2. Objectives of Study
        •To evaluate feature importance i.e. which features are most important to predict hotel booking cancellations.
        •To predict the guests who are most likely to cancel their reservation and this will help to generate better forecasts and reduce business decision uncertainty.
        •Build a model that could predict bookings with a high cancellation probability.



In [None]:
#Import Libraries

import numpy as np
import pandas as pd
import seaborn as sns

import matplotlib.pyplot as plt
import statsmodels.formula.api as smf

from sklearn.metrics import accuracy_score, roc_auc_score, roc_curve, confusion_matrix, auc
from sklearn.model_selection import train_test_split, cross_val_score, GridSearchCV
from sklearn.preprocessing import LabelEncoder, StandardScaler 
from sklearn.tree import DecisionTreeClassifier
from sklearn.linear_model import LogisticRegression
from sklearn.svm import SVC

In [None]:
# load data:
hotel = pd.read_csv("/kaggle/input/hotel-booking-demand/hotel_bookings.csv")

In [None]:
# Quick look or Sample Data 
hotel.head()

1. **Data Cleaning**

In [None]:
# checking for missing values
hotel.isnull().sum()

In [None]:
# handling Missing values
hotel['children'].fillna(0,inplace=True)
hotel['country'].fillna('PRT',inplace=True)
hotel.drop(['agent','company'],axis=1,inplace=True)

**Data Visualization**

In [None]:
# How many Bookings were Cancelled at the Hotel?
sns.set(style = "darkgrid")
plt.title("Is Booking Canceled or not", fontdict = {'fontsize': 20})
ax = sns.countplot(x = "is_canceled", data = hotel)

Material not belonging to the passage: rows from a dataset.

lemma step_function_cell:
  assumes "0 < h" "a \<le> t"
  defines "k \<equiv> nat \<lfloor>(t - a) / h\<rfloor>"
  shows "a + h * real k \<le> t" and "t < a + h * real k + h"
    and "step_function a h w t = ennreal (w k)"
proof -
  have cell_iff: "a + h * real j \<le> t \<and> t < a + h * real j + h \<longleftrightarrow> j = k" for j
  proof -
    have "a + h * real j \<le> t \<and> t < a + h * real j + h \<longleftrightarrow> real j \<le> (t - a) / h \<and> (t - a) / h < real j + 1"
      using assms(1) by (simp add: field_simps)
    also have "\<dots> \<longleftrightarrow> \<lfloor>(t - a) / h\<rfloor> = int j"
      by (simp add: floor_eq_iff)
    also have "\<dots> \<longleftrightarrow> j = k"
      using assms by (auto simp: k_def)
    finally show ?thesis .
  qed
  then show "a + h * real k \<le> t" "t < a + h * real k + h" by auto
  have "step_function a h w t = (\<Sum>j. if j = k then ennreal (w k) else 0)"
    unfolding step_function_def by (intro suminf_cong) (auto simp: cell_iff split: split_indicator)
  also have "\<dots> = ennreal (w k)"
    using sums_single[of k "\<lambda>_. ennreal (w k)"] by (simp add: sums_iff)
  finally show "step_function a h w t = ennreal (w k)" .
qed

definition weight_step :: "real \<Rightarrow> (real \<Rightarrow> real) \<Rightarrow> real \<Rightarrow> ennreal" where
  "weight_step q c =
     step_function (ln (q - 1)) (2 * ln q) (\<lambda>k. point_weight q k * c (scaled_point q k))"

lemma scaled_point_eq_grid: "scaled_point q k = ln (q - 1) + 2 * ln q * real k"
  by (simp add: scaled_point_def)

lemma nn_integral_weight_step:
  assumes "1 < q" "\<And>y. 0 \<le> c y" "\<And>y. c y \<le> 1"
  shows "(\<integral>\<^sup>+t. weight_step q c t \<partial>lborel)
    = ennreal (2 * ln q * (\<Sum>k. point_weight q k * c (scaled_point q k)))"
  unfolding weight_step_def
  using assms point_weight_pos[of q] summable_point_weight_mult[OF assms]
  by (intro nn_integral_step_function) (simp_all add: less_imp_le)

lemma cdf_scaled_law_eq_ratio:
  assumes "1 < q"
  shows "cdf (scaled_law q) x
    = enn2real (\<integral>\<^sup>+t. weight_step q (indicator {..x}) t \<partial>lborel)
      / enn2real (\<integral>\<^sup>+t. weight_step q (\<lambda>_. 1) t \<partial>lborel)"
proof -
  let ?S = "\<lambda>c. \<Sum>k. point_weight q k * c (scaled_point q k)"
  have integral_eq: "enn2real (\<integral>\<^sup>+t. weight_step q c t \<partial>lborel) = 2 * ln q * ?S c"
    if "\<And>y. 0 \<le> c y" "\<And>y. c y \<le> 1" for c
  proof -
    have "0 \<le> ?S c"
      using summable_point_weight_mult[OF assms that] point_weight_pos[of q] that
      by (intro suminf_nonneg) (simp_all add: less_imp_le)
    then show ?thesis
      using assms by (simp add: nn_integral_weight_step[OF assms that])
  qed
  have "cdf (scaled_law q) x = ?S (indicator {..x}) / ?S (\<lambda>_. 1)"
    by (simp add: cdf_scaled_law[OF assms])
  also have "\<dots> = (2 * ln q * ?S (indicator {..x})) / (2 * ln q * ?S (\<lambda>_. 1))"
    using assms by simp
  also have "\<dots> = enn2real (\<integral>\<^sup>+t. weight_step q (indicator {..x}) t \<partial>lborel)
      / enn2real (\<integral>\<^sup>+t. weight_step q (\<lambda>_. 1) t \<partial>lborel)"
    by (subst (1 2) integral_eq) (simp_all split: split_indicator)
  finally show ?thesis .
qed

According to the this graph, 63% of bookings were not canceled and 37% of the bookings were canceled at the Hotel.

In [None]:
#How many Bookings were Cancelled by Hotel Type?
sns.set(style = "darkgrid")
plt.title("Is Canceled or not by Hotel Type", fontdict = {'fontsize': 20})
ax = sns.countplot(x = "hotel", hue = 'is_canceled', data = hotel)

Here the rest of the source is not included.